[EXTRACTED MATERIAL — start]

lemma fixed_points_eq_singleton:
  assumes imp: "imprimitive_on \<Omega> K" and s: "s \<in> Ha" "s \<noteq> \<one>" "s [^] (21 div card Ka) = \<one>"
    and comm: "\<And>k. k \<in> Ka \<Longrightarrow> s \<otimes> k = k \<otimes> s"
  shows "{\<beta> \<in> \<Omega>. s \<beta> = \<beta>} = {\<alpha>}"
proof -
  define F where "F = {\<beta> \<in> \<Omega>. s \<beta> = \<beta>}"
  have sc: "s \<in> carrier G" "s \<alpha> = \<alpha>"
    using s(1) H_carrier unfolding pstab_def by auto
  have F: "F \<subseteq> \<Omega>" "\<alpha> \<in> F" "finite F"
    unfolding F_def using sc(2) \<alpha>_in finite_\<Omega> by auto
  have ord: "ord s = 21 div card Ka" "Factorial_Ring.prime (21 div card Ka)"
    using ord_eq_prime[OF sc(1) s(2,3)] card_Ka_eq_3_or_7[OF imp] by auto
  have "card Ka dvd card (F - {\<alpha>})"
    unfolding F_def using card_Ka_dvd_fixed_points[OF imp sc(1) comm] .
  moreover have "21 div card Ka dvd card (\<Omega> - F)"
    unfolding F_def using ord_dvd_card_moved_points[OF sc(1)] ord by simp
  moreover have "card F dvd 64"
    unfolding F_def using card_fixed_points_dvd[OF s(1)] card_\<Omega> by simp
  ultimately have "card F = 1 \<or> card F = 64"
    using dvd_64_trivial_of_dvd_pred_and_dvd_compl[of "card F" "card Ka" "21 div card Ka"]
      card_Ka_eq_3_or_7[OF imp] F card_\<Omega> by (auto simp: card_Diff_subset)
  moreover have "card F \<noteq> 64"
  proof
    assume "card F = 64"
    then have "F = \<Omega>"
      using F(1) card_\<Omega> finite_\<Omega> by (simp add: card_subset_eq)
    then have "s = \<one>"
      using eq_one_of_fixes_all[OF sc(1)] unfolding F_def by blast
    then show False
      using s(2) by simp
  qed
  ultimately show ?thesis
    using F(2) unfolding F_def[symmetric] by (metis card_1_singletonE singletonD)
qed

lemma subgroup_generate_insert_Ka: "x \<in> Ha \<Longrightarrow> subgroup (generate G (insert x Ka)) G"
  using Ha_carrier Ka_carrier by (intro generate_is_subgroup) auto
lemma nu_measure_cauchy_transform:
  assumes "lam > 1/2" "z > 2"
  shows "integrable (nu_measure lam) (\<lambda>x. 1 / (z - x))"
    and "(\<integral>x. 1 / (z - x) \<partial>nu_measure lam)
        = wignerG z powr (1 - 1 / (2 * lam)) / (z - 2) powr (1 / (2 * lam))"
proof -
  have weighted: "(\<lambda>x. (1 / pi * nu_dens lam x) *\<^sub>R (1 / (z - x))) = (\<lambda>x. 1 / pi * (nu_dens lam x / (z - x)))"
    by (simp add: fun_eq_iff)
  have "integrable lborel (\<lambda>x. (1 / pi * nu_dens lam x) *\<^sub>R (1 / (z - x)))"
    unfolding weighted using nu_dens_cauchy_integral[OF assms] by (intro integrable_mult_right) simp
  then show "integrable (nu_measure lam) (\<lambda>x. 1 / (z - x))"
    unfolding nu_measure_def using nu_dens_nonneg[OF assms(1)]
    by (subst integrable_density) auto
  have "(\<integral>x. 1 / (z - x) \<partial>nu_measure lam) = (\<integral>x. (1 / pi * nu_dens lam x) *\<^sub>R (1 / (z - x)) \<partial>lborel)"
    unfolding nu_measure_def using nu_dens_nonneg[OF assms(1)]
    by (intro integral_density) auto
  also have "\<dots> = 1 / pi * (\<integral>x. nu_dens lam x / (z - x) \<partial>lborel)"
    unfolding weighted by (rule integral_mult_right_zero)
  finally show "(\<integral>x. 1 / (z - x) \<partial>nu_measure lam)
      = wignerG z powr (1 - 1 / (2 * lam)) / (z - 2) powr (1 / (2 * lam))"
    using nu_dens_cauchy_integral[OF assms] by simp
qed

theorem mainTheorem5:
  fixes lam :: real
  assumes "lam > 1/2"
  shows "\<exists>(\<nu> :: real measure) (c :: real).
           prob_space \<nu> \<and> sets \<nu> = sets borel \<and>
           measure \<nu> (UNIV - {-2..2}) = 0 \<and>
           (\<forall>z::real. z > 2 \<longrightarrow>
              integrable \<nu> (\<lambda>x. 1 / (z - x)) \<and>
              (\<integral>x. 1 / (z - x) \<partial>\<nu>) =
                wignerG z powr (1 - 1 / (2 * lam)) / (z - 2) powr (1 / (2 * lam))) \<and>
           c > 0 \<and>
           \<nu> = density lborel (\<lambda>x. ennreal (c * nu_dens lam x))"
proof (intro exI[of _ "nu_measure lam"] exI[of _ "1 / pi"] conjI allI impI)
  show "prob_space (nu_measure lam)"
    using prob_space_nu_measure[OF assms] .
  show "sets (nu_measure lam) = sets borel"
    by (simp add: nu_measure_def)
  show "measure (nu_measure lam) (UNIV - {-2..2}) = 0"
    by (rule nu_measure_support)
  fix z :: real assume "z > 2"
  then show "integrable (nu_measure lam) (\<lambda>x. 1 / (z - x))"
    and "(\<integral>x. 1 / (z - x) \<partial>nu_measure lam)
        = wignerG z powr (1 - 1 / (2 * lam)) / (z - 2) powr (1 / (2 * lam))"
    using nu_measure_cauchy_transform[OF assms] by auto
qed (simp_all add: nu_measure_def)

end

[EXTRACTED MATERIAL — finish]

:: ABOUT THIS TASK ::
When a line above contains the string "ultimately", copy that line.

:: SOLUTION TO THE PROBLEM ::
  ultimately have "card F = 1 \<or> card F = 64"
  ultimately show ?thesis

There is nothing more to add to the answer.